▶ [WORK TASK]: Only the lines from the one containing "its generator. *)" through the one containing "theory Defs" should be printed, exactly as they appear below, with both ends included.

═══ RECORDED DATA ═══

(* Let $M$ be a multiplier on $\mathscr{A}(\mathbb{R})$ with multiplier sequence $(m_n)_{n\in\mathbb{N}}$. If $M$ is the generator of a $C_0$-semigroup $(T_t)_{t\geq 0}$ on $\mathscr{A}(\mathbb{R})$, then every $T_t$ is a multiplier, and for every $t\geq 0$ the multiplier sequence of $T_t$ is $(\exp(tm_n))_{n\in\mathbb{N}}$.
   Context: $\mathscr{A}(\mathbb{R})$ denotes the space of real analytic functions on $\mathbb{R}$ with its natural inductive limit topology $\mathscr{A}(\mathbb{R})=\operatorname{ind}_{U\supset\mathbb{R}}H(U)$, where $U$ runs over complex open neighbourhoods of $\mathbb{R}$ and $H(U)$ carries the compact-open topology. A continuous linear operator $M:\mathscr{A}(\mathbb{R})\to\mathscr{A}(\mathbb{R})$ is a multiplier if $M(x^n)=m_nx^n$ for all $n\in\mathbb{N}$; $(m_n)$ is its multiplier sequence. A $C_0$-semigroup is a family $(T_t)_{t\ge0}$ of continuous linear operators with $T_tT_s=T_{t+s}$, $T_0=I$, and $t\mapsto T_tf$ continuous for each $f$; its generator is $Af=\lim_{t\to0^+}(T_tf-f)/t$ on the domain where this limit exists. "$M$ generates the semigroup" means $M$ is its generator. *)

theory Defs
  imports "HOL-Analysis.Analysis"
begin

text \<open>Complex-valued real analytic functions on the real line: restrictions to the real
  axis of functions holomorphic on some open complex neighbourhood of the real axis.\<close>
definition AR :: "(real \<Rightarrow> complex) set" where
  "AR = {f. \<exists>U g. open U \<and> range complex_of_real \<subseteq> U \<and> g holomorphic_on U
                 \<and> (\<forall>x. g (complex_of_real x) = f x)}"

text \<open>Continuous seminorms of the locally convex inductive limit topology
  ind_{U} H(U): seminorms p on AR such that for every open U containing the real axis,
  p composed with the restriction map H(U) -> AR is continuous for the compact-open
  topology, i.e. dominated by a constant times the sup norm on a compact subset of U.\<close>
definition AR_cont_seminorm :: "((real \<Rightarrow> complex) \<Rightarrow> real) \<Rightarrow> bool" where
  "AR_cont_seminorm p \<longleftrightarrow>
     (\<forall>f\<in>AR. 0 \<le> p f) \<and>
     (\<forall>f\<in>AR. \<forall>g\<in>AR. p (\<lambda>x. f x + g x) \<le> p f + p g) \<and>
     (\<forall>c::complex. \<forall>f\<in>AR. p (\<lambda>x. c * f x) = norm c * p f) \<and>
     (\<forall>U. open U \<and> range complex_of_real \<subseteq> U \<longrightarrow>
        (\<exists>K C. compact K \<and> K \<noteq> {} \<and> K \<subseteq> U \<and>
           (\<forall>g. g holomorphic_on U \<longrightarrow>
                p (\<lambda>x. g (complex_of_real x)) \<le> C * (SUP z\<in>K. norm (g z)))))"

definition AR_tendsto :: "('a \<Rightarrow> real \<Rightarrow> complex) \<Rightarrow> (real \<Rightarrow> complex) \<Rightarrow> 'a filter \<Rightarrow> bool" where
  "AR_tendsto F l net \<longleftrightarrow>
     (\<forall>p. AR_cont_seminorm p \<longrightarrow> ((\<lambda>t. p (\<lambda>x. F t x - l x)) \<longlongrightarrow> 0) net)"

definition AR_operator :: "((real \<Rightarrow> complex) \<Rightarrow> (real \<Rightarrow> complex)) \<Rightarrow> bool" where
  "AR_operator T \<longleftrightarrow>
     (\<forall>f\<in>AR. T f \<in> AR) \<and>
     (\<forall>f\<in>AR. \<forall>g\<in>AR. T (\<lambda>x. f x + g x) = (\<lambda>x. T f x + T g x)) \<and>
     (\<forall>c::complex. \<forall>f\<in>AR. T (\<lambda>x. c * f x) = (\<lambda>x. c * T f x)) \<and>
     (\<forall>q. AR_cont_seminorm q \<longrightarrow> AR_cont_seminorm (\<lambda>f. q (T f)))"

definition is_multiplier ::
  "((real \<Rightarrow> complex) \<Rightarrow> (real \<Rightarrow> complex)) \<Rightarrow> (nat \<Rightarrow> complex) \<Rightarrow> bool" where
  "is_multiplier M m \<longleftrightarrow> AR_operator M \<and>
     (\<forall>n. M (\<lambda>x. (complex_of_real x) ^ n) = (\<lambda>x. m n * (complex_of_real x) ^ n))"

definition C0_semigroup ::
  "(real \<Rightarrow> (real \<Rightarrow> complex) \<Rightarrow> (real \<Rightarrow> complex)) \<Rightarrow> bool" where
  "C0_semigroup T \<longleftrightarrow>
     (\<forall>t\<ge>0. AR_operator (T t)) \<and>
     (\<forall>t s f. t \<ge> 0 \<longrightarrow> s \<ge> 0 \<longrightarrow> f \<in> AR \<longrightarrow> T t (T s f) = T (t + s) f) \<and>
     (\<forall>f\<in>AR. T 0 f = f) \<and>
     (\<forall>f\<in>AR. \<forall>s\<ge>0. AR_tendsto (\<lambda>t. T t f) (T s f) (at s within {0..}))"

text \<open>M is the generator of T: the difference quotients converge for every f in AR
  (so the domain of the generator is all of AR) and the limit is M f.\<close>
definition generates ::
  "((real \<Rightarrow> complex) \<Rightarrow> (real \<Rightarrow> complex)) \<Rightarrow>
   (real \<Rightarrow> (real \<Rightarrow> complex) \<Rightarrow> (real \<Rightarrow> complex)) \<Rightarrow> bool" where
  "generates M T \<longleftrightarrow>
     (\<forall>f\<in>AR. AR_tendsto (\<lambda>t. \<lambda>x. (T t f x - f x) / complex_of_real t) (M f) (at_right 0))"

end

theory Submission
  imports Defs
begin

═══

▶ [RESULT BELOW]:
   Context: $\mathscr{A}(\mathbb{R})$ denotes the space of real analytic functions on $\mathbb{R}$ with its natural inductive limit topology $\mathscr{A}(\mathbb{R})=\operatorname{ind}_{U\supset\mathbb{R}}H(U)$, where $U$ runs over complex open neighbourhoods of $\mathbb{R}$ and $H(U)$ carries the compact-open topology. A continuous linear operator $M:\mathscr{A}(\mathbb{R})\to\mathscr{A}(\mathbb{R})$ is a multiplier if $M(x^n)=m_nx^n$ for all $n\in\mathbb{N}$; $(m_n)$ is its multiplier sequence. A $C_0$-semigroup is a family $(T_t)_{t\ge0}$ of continuous linear operators with $T_tT_s=T_{t+s}$, $T_0=I$, and $t\mapsto T_tf$ continuous for each $f$; its generator is $Af=\lim_{t\to0^+}(T_tf-f)/t$ on the domain where this limit exists. "$M$ generates the semigroup" means $M$ is its generator. *)

theory Defs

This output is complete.